Hey all, I am planning on updating my system this summer to calculate the adjusted +/- each time I update the numbers on basketballvalue.com. That would be nightly rather than in game, but it's close to what you've described as it at least would be in season. One thing I'll need to balance, though is that since the errors are a bit large, I might end up in a place where I use enough data (e.g. two seasons) that one more night's worth of games won't change the estimates much. Ideally I'd start the 2007-2008 regular season data with the first night of the season, but I think a week into the season the data could be a bit meaningless until there are more observations.

Thanks,
Aaron

www.basketballvalue.com
Back to top
View user's profile Send private message
josh



Joined: 01 Aug 2007
Posts: 6

PostPosted: Fri Aug 03, 2007 7:05 am    Post subject: Reply with quote

basketballvalue wrote:

Hey all, I am planning on updating my system this summer to calculate the adjusted +/- each time I update the numbers on basketballvalue.com. That would be nightly rather than in game, but it's close to what you've described as it at least would be in season. One thing I'll need to balance, though is that since the errors are a bit large, I might end up in a place where I use enough data (e.g. two seasons) that one more night's worth of games won't change the estimates much. Ideally I'd start the 2007-2008 regular season data with the first night of the season, but I think a week into the season the data could be a bit meaningless until there are more observations.


Yeah, that's an artifact of not modeling non-stationary regression coefficients. Winval/Danval assumes that the coefficients have one set average value given all of the data you use to fit the model.

You could use weighted regression and weight newer samples heavier. If you were using Bayesian updates, you could artificially increase the diagonal of the covariance matrix at the beginning of every season (Herbrich/Graepel do something similar using probit regression for the ranking system in Xbox Live 360).

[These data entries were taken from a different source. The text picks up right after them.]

(* Let $\mathbf Q$ be a stabilizer group on $n$ qubits with independent generating set $\mathrm{gen}(\mathbf Q)$ of Hermitian Pauli operators, $H_{\mathbf Q}=-\sum_{g\in\mathrm{gen}(\mathbf Q)}g$, and $\Delta_{\mathrm{gap}}:=2$ (twice the minimal coefficient of $H_{\mathbf Q}$). Let $V=-\sum_{P\in\mathbf P(V)}w_P P$ with $\mathbf P(V)$ a set of Hermitian Pauli operators and $w_P>0$, and $H=H_{\mathbf Q}+V$. Let $V_\perp=-\sum_{P\in\mathbf P(V)\setminus C(\mathbf Q)}w_P P$ and assume $V_\perp\neq0$. Assume: (i) there is a state $|\psi'_{\mathbf Q}\rangle\in V_{\mathbf Q}$ with $\langle\psi'_{\mathbf Q}|V_\perp^2|\psi'_{\mathbf Q}\rangle\neq0$; (ii) $\sum_{P\in\mathbf P(V)\setminus\mathbf Q}w_P<\Delta_{\mathrm{gap}}-2\sum_{P\in\mathbf P(V)\cap\mathbf Q}w_P$. For $\lambda\ge0$ let $|\psi'_{\mathbf Q}(\lambda)\rangle=\big(|\psi'_{\mathbf Q}\rangle-\lambda V_\perp|\psi'_{\mathbf Q}\rangle\big)/\big\||\psi'_{\mathbf Q}\rangle-\lambda V_\perp|\psi'_{\mathbf Q}\rangle\big\|$ and $\Delta E(\lambda)=\langle\psi'_{\mathbf Q}|H|\psi'_{\mathbf Q}\rangle-\langle\psi'_{\mathbf Q}(\lambda)|H|\psi'_{\mathbf Q}(\lambda)\rangle$. Then there exists $\lambda_{\max}>0$ such that $\Delta E(\lambda)$ is strictly positive and monotonically increasing for all $0<\lambda<\lambda_{\max}$.
   Context: A stabilizer group is an abelian subgroup of the $n$-qubit Pauli group $\{\pm1,\pm i\}\cdot\{\mathbb 1,X,Y,Z\}^{\otimes n}$ not containing $-\mathbb 1$; its code space is $V_{\mathbf Q}=\{|\psi\rangle: q|\psi\rangle=|\psi\rangle\ \forall q\in\mathbf Q\}$. $C(\mathbf Q)$ denotes the set of Pauli operators commuting with every element of $\mathbf Q$ (the Pauli centralizer). *)

theory Defs
  imports "Jordan_Normal_Form.Matrix"
begin

definition kron :: "complex mat \<Rightarrow> complex mat \<Rightarrow> complex mat" where
  "kron A B = mat (dim_row A * dim_row B) (dim_col A * dim_col B)
     (\<lambda>(i, j). A $$ (i div dim_row B, j div dim_col B) * B $$ (i mod dim_row B, j mod dim_col B))"

definition pauli_I :: "complex mat" where "pauli_I = mat_of_rows_list 2 [[1, 0], [0, 1]]"
definition pauli_X :: "complex mat" where "pauli_X = mat_of_rows_list 2 [[0, 1], [1, 0]]"
definition pauli_Y :: "complex mat" where "pauli_Y = mat_of_rows_list 2 [[0, - \<i>], [\<i>, 0]]"
definition pauli_Z :: "complex mat" where "pauli_Z = mat_of_rows_list 2 [[1, 0], [0, -1]]"

text \<open>Tensor product of a list of single-qubit operators (qubit 1 first).\<close>
definition tensor_list :: "complex mat list \<Rightarrow> complex mat" where
  "tensor_list ps = foldr kron ps (1\<^sub>m 1)"

definition pauli_group :: "nat \<Rightarrow> complex mat set" where
  "pauli_group n = {c \<cdot>\<^sub>m tensor_list ps | c ps. c \<in> {1, -1, \<i>, -\<i>} \<and> length ps = n \<and>
       set ps \<subseteq> {pauli_I, pauli_X, pauli_Y, pauli_Z}}"

definition hermitian_mat :: "complex mat \<Rightarrow> bool" where
  "hermitian_mat A \<longleftrightarrow> dim_row A = dim_col A \<and>
     (\<forall>i < dim_row A. \<forall>j < dim_col A. A $$ (i, j) = cnj (A $$ (j, i)))"

definition stabilizer_group :: "nat \<Rightarrow> complex mat set \<Rightarrow> bool" where
  "stabilizer_group n Q \<longleftrightarrow> Q \<subseteq> pauli_group n \<and> 1\<^sub>m (2^n) \<in> Q \<and>
     (\<forall>a\<in>Q. \<forall>b\<in>Q. a * b \<in> Q) \<and>
     (\<forall>a\<in>Q. \<exists>b\<in>Q. a * b = 1\<^sub>m (2^n)) \<and>
     (\<forall>a\<in>Q. \<forall>b\<in>Q. a * b = b * a) \<and>
     - 1\<^sub>m (2^n) \<notin> Q"
(* Let $x_1<x_2<\cdots<x_n$ be a partition of $[x_1,x_n]$, let $h_i=x_{i+1}-x_i$ for $i=1,\dots,n-1$, and $\hat h=\max_{1\le i\le n-1}h_i$. Let $f\in C^4([x_1,x_n])$ and let $L>0$ be such that $|f^{(4)}(x)|\le L$ for all $x\in[x_1,x_n]$. Write $f'_i=f'(x_i)$, $m_i=(f(x_{i+1})-f(x_i))/h_i$, $\lambda_i=\frac{h_{i+1}}{h_i+h_{i+1}}$ and $\mu_i=\frac{h_i}{h_i+h_{i+1}}$. Assume there exists $K>0$ such that $\hat h/h_j\le K$ for all $j=1,\dots,n-1$. For $2\le i\le n-1$ define $$R(i):=3\lambda_{i-1}m_{i-1}+3\mu_{i-1}m_i-\lambda_{i-1}f'_{i-1}-2f'_i-\mu_{i-1}f'_{i+1}.$$ Then for all $2\le i\le n-1$, $$|R(i)|\le\left(\frac{17K+K^2}{16}+1\right)L\,\hat h^3 .$$ *)

theory Defs
  imports Complex_Main
begin

definition h :: "(nat \<Rightarrow> real) \<Rightarrow> nat \<Rightarrow> real" where
  "h x i = x (Suc i) - x i"

definition hmax :: "(nat \<Rightarrow> real) \<Rightarrow> nat \<Rightarrow> real" where
  "hmax x n = Max (h x ` {1..n-1})"

definition slope :: "(nat \<Rightarrow> real) \<Rightarrow> (real \<Rightarrow> real) \<Rightarrow> nat \<Rightarrow> real" where
  "slope x f i = (f (x (Suc i)) - f (x i)) / h x i"

definition lam :: "(nat \<Rightarrow> real) \<Rightarrow> nat \<Rightarrow> real" where
  "lam x i = h x (Suc i) / (h x i + h x (Suc i))"

definition mu :: "(nat \<Rightarrow> real) \<Rightarrow> nat \<Rightarrow> real" where
  "mu x i = h x i / (h x i + h x (Suc i))"

definition R :: "(nat \<Rightarrow> real) \<Rightarrow> (real \<Rightarrow> real) \<Rightarrow> (real \<Rightarrow> real) \<Rightarrow> nat \<Rightarrow> real" where
  "R x f f1 i = 3 * lam x (i-1) * slope x f (i-1) + 3 * mu x (i-1) * slope x f i
     - lam x (i-1) * f1 (x (i-1)) - 2 * f1 (x i) - mu x (i-1) * f1 (x (Suc i))"

end

theory Submission
  imports Defs "HOL-Analysis.Analysis"
begin

text \<open>R(i) vanishes whenever f is a cubic polynomial. Expanding f and f' about the middle
  node x_i by Taylor's formula, only the remainders survive, and they are of order L h^3.\<close>

lemma partition_mono:
  fixes x :: "nat \<Rightarrow> real"
  assumes incr: "\<And>i. 1 \<le> i \<Longrightarrow> i < n \<Longrightarrow> x i < x (Suc i)"
    and "1 \<le> p" "p \<le> q" "q \<le> n"
  shows "x p \<le> x q"
  using \<open>p \<le> q\<close> \<open>q \<le> n\<close>
proof (induction q rule: dec_induct)
  case base
  then show ?case by simp
next
  case (step q)
  then show ?case using incr[of q] \<open>1 \<le> p\<close> by fastforce
qed

lemma partition_node_mem:
  fixes x :: "nat \<Rightarrow> real"
  assumes incr: "\<And>i. 1 \<le> i \<Longrightarrow> i < n \<Longrightarrow> x i < x (Suc i)"
    and "1 \<le> p" "p \<le> n"
  shows "x p \<in> {x 1..x n}"
  using partition_mono[where x = x and n = n, OF incr] assms(2,3) by auto

lemma h_le_hmax:
  assumes "1 \<le> j" "j \<le> n - 1"
  shows "h x j \<le> hmax x n"
  unfolding hmax_def using assms by (intro Max_ge) auto

lemma taylor_quadratic_remainder:
  fixes g g1 g2 g3 :: "real \<Rightarrow> real"
  assumes S: "convex S"
    and "\<And>t. t \<in> S \<Longrightarrow> (g has_real_derivative g1 t) (at t within S)"
    and "\<And>t. t \<in> S \<Longrightarrow> (g1 has_real_derivative g2 t) (at t within S)"
    and "\<And>t. t \<in> S \<Longrightarrow> (g2 has_real_derivative g3 t) (at t within S)"
    and bound: "\<And>t. t \<in> S \<Longrightarrow> \<bar>g3 t\<bar> \<le> L"
    and "w \<in> S" "z \<in> S"
  shows "\<bar>g z - (g w + g1 w * (z - w) + g2 w * (z - w)^2 / 2)\<bar> \<le> L * \<bar>z - w\<bar>^3 / 2"
proof -
  define F where "F = (!) [g, g1, g2, g3]"
  have "norm (F 0 z - (\<Sum>i\<le>2. F i w * (z - w)^i / fact i)) \<le> L * norm (z - w)^Suc 2 / fact 2"
  proof (rule field_Taylor[OF S])
    fix i :: nat and t assume "t \<in> S" "i \<le> 2"
    then show "(F i has_real_derivative F (Suc i) t) (at t within S)"
      using assms(2-4) by (auto simp: F_def le_Suc_eq numeral_eq_Suc)
  qed (use bound assms(6,7) in \<open>auto simp: F_def numeral_eq_Suc\<close>)
  then show ?thesis
    by (simp add: F_def eval_nat_numeral atMost_Suc algebra_simps)
qed

lemma taylor_cubic_remainder:
  fixes g g1 g2 g3 g4 :: "real \<Rightarrow> real"
  assumes S: "convex S"
    and "\<And>t. t \<in> S \<Longrightarrow> (g has_real_derivative g1 t) (at t within S)"
    and "\<And>t. t \<in> S \<Longrightarrow> (g1 has_real_derivative g2 t) (at t within S)"
    and "\<And>t. t \<in> S \<Longrightarrow> (g2 has_real_derivative g3 t) (at t within S)"
    and "\<And>t. t \<in> S \<Longrightarrow> (g3 has_real_derivative g4 t) (at t within S)"
    and bound: "\<And>t. t \<in> S \<Longrightarrow> \<bar>g4 t\<bar> \<le> L"
    and "w \<in> S" "z \<in> S"
  shows "\<bar>g z - (g w + g1 w * (z - w) + g2 w * (z - w)^2 / 2 + g3 w * (z - w)^3 / 6)\<bar>
           \<le> L * \<bar>z - w\<bar>^4 / 6"
proof -
  define F where "F = (!) [g, g1, g2, g3, g4]"
  have "norm (F 0 z - (\<Sum>i\<le>3. F i w * (z - w)^i / fact i)) \<le> L * norm (z - w)^Suc 3 / fact 3"
  proof (rule field_Taylor[OF S])
    fix i :: nat and t assume "t \<in> S" "i \<le> 3"
    then show "(F i has_real_derivative F (Suc i) t) (at t within S)"
      using assms(2-5) by (auto simp: F_def le_Suc_eq numeral_eq_Suc)
  qed (use bound assms(7,8) in \<open>auto simp: F_def numeral_eq_Suc\<close>)
  then show ?thesis
    by (simp add: F_def eval_nat_numeral atMost_Suc fact_numeral algebra_simps)
qed

definition three_point_residual ::
    "real \<Rightarrow> real \<Rightarrow> (real \<Rightarrow> real) \<Rightarrow> (real \<Rightarrow> real) \<Rightarrow> real \<Rightarrow> real" where
  "three_point_residual a b g g' y =
     3 * (b / (a + b)) * ((g y - g (y - a)) / a) + 3 * (a / (a + b)) * ((g (y + b) - g y) / b)
     - (b / (a + b)) * g' (y - a) - 2 * g' y - (a / (a + b)) * g' (y + b)"

lemma R_eq_three_point_residual:
  "R x f f1 (Suc j) = three_point_residual (h x j) (h x (Suc j)) f f1 (x (Suc j))"
  by (simp add: R_def three_point_residual_def slope_def lam_def mu_def h_def)

lemma three_point_residual_eq_remainders:
  fixes g g' :: "real \<Rightarrow> real" and a b y c2 c3 :: real
  assumes "a > 0" "b > 0"
  defines "E1 \<equiv> g (y + b) - (g y + g' y * b + c2 * b^2 / 2 + c3 * b^3 / 6)"
    and "E2 \<equiv> g (y - a) - (g y - g' y * a + c2 * a^2 / 2 - c3 * a^3 / 6)"
    and "E3 \<equiv> g' (y + b) - (g' y + c2 * b + c3 * b^2 / 2)"
    and "E4 \<equiv> g' (y - a) - (g' y - c2 * a + c3 * a^2 / 2)"
  shows "three_point_residual a b g g' y
           = (3 * a^2 * E1 - 3 * b^2 * E2 - a * b * (a * E3 + b * E4)) / (a * b * (a + b))"
  using assms unfolding three_point_residual_def
  by (simp add: divide_simps power2_eq_square power3_eq_cube) (simp add: algebra_simps)

lemma remainder_combination_bound:
  fixes a b E1 E2 E3 E4 L :: real
  assumes a: "a > 0" and b: "b > 0"
    and E1: "\<bar>E1\<bar> \<le> L * b^4 / 6" and E2: "\<bar>E2\<bar> \<le> L * a^4 / 6"
    and E3: "\<bar>E3\<bar> \<le> L * b^3 / 2" and E4: "\<bar>E4\<bar> \<le> L * a^3 / 2"
  shows "\<bar>(3 * a^2 * E1 - 3 * b^2 * E2 - a * b * (a * E3 + b * E4)) / (a * b * (a + b))\<bar>
           \<le> L * max a b ^ 3"
proof -
  define H where "H = max a b"
  have H: "a \<le> H" "b \<le> H" "0 < H" using a by (auto simp: H_def)
  have "0 \<le> L * b^4" using abs_ge_zero[of E1] E1 by linarith
  then have L: "L \<ge> 0" using b by (simp add: zero_le_mult_iff)
  have "3 * a^2 * E1 - 3 * b^2 * E2 - a * b * (a * E3 + b * E4)
      = 3 * a^2 * E1 - 3 * b^2 * E2 - a^2 * b * E3 - a * b^2 * E4"
    by (simp add: algebra_simps power2_eq_square)
  then have "\<bar>3 * a^2 * E1 - 3 * b^2 * E2 - a * b * (a * E3 + b * E4)\<bar>
      \<le> \<bar>3 * a^2 * E1\<bar> + \<bar>3 * b^2 * E2\<bar> + \<bar>a^2 * b * E3\<bar> + \<bar>a * b^2 * E4\<bar>"
    by arith
  also have "\<dots> = 3 * a^2 * \<bar>E1\<bar> + 3 * b^2 * \<bar>E2\<bar> + a^2 * b * \<bar>E3\<bar> + a * b^2 * \<bar>E4\<bar>"
    using a b by (simp add: abs_mult)
  also have "\<dots> \<le> 3 * a^2 * (L * b^4 / 6) + 3 * b^2 * (L * a^4 / 6)
      + a^2 * b * (L * b^3 / 2) + a * b^2 * (L * a^3 / 2)"
    using a b E1 E2 E3 E4 by (intro add_mono mult_left_mono) auto
  also have "\<dots> = a * b * (a + b) * (L * (a * b * (a^2 + b^2) / (a + b)))"
    using a b by (simp add: field_simps power2_eq_square power3_eq_cube eval_nat_numeral)
  finally have "\<bar>(3 * a^2 * E1 - 3 * b^2 * E2 - a * b * (a * E3 + b * E4)) / (a * b * (a + b))\<bar>
      \<le> L * (a * b * (a^2 + b^2) / (a + b))"
    using a b by (simp add: abs_divide pos_divide_le_eq mult.commute)
  also have "\<dots> \<le> L * H^3"
  proof (rule mult_left_mono[OF _ L])
    have "a * b \<le> H * H" using a b by (simp add: H_def mult_mono)
    moreover have "a^2 + b^2 \<le> H * (a + b)"
      using a b by (simp add: H_def power2_eq_square distrib_left add_mono mult_right_mono)
    ultimately have "a * b * (a^2 + b^2) \<le> H * H * (H * (a + b))"
      using a b H by (metis mult_mono mult_nonneg_nonneg add_nonneg_nonneg zero_le_power2 less_imp_le)
    then show "a * b * (a^2 + b^2) / (a + b) \<le> H^3"
      using a b by (simp add: divide_le_eq power3_eq_cube mult.assoc)
  qed
  finally show ?thesis unfolding H_def .
qed

lemma three_point_residual_bound:
  fixes g g1 g2 g3 g4 :: "real \<Rightarrow> real"
  assumes S: "convex S"
    and d1: "\<And>t. t \<in> S \<Longrightarrow> (g has_real_derivative g1 t) (at t within S)"
    and d2: "\<And>t. t \<in> S \<Longrightarrow> (g1 has_real_derivative g2 t) (at t within S)"
    and d3: "\<And>t. t \<in> S \<Longrightarrow> (g2 has_real_derivative g3 t) (at t within S)"
    and d4: "\<And>t. t \<in> S \<Longrightarrow> (g3 has_real_derivative g4 t) (at t within S)"
    and bound: "\<And>t. t \<in> S \<Longrightarrow> \<bar>g4 t\<bar> \<le> L"
    and a: "a > 0" and b: "b > 0"
    and mem: "y - a \<in> S" "y \<in> S" "y + b \<in> S"
  shows "\<bar>three_point_residual a b g g1 y\<bar> \<le> L * max a b ^ 3"
  unfolding three_point_residual_eq_remainders[OF a b, of g g1 y "g2 y" "g3 y"]
proof (rule remainder_combination_bound[OF a b])
  show "\<bar>g (y + b) - (g y + g1 y * b + g2 y * b^2 / 2 + g3 y * b^3 / 6)\<bar> \<le> L * b^4 / 6"
    using taylor_cubic_remainder[OF S d1 d2 d3 d4 bound mem(2,3)] b by simp
  show "\<bar>g (y - a) - (g y - g1 y * a + g2 y * a^2 / 2 - g3 y * a^3 / 6)\<bar> \<le> L * a^4 / 6"
    using taylor_cubic_remainder[OF S d1 d2 d3 d4 bound mem(2,1)] a by (simp add: power2_eq_square power3_eq_cube)
  show "\<bar>g1 (y + b) - (g1 y + g2 y * b + g3 y * b^2 / 2)\<bar> \<le> L * b^3 / 2"
    using taylor_quadratic_remainder[OF S d2 d3 d4 bound mem(2,3)] b by simp
  show "\<bar>g1 (y - a) - (g1 y - g2 y * a + g3 y * a^2 / 2)\<bar> \<le> L * a^3 / 2"
    using taylor_quadratic_remainder[OF S d2 d3 d4 bound mem(2,1)] a by (simp add: power2_eq_square)
qed

theorem lemma2:
  fixes x :: "nat \<Rightarrow> real" and n :: nat
    and f f1 f2 f3 f4 :: "real \<Rightarrow> real" and L K :: real
  assumes incr: "\<And>i. 1 \<le> i \<Longrightarrow> i < n \<Longrightarrow> x i < x (Suc i)"
    and d1: "\<And>t. t \<in> {x 1..x n} \<Longrightarrow> (f has_real_derivative f1 t) (at t within {x 1..x n})"
    and d2: "\<And>t. t \<in> {x 1..x n} \<Longrightarrow> (f1 has_real_derivative f2 t) (at t within {x 1..x n})"
    and d3: "\<And>t. t \<in> {x 1..x n} \<Longrightarrow> (f2 has_real_derivative f3 t) (at t within {x 1..x n})"
    and d4: "\<And>t. t \<in> {x 1..x n} \<Longrightarrow> (f3 has_real_derivative f4 t) (at t within {x 1..x n})"
    and c4: "continuous_on {x 1..x n} f4"
    and Lpos: "L > 0"
    and Lbound: "\<And>t. t \<in> {x 1..x n} \<Longrightarrow> \<bar>f4 t\<bar> \<le> L"
    and Kpos: "K > 0"
    and Kbound: "\<And>j. 1 \<le> j \<Longrightarrow> j \<le> n - 1 \<Longrightarrow> hmax x n / h x j \<le> K"
  shows "\<forall>i. 2 \<le> i \<and> i \<le> n - 1 \<longrightarrow>
           \<bar>R x f f1 i\<bar> \<le> ((17 * K + K^2) / 16 + 1) * L * hmax x n ^ 3"
proof (intro allI impI)
  fix i assume "2 \<le> i \<and> i \<le> n - 1"
  then obtain j where i: "i = Suc j" and j: "1 \<le> j" "Suc (Suc j) \<le> n"
    by (intro that[of "i - 1"]) auto
  define a b where "a = h x j" and "b = h x (Suc j)"
  have a: "a > 0" and b: "b > 0"
    using incr[of j] incr[of "Suc j"] j by (auto simp: a_def b_def h_def)
  have mem: "x (Suc j) - a \<in> {x 1..x n}" "x (Suc j) \<in> {x 1..x n}" "x (Suc j) + b \<in> {x 1..x n}"
    using partition_node_mem[where x = x and n = n, OF incr] j by (auto simp: a_def b_def h_def)
  have hmax: "a \<le> hmax x n" "b \<le> hmax x n"
    using j h_le_hmax[of j n x] h_le_hmax[of "Suc j" n x] by (auto simp: a_def b_def)
  have "\<bar>R x f f1 i\<bar> \<le> L * max a b ^ 3"
    unfolding i R_eq_three_point_residual a_def[symmetric] b_def[symmetric]
    by (rule three_point_residual_bound[OF _ d1 d2 d3 d4 Lbound a b mem]) simp_all
  also have "\<dots> \<le> L * hmax x n ^ 3"
    using a b hmax Lpos by (auto intro!: mult_left_mono power_mono)
  also have "\<dots> \<le> ((17 * K + K^2) / 16 + 1) * L * hmax x n ^ 3"
  proof -
    have "0 \<le> L * hmax x n ^ 3" using a hmax Lpos by simp
    moreover have "1 \<le> (17 * K + K^2) / 16 + 1" using Kpos by simp
    ultimately show ?thesis by (metis mult_right_mono mult_1 mult.assoc)
  qed
  finally show "\<bar>R x f f1 i\<bar> \<le> ((17 * K + K^2) / 16 + 1) * L * hmax x n ^ 3" .
qed

end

Maybe the most elegant solution would be to explicitly model the fact that player skill changes over time. This could require writing your own model fitting code though.
Back to top
View user's profile Send private message
Mountain



Joined: 13 Mar 2007
Posts: 1527

PostPosted: Fri Aug 03, 2007 10:24 am    Post subject: Reply with quote

Aaron, news of your plans to produce adjusted data for 06-07 and 07-08 in real time is welcome.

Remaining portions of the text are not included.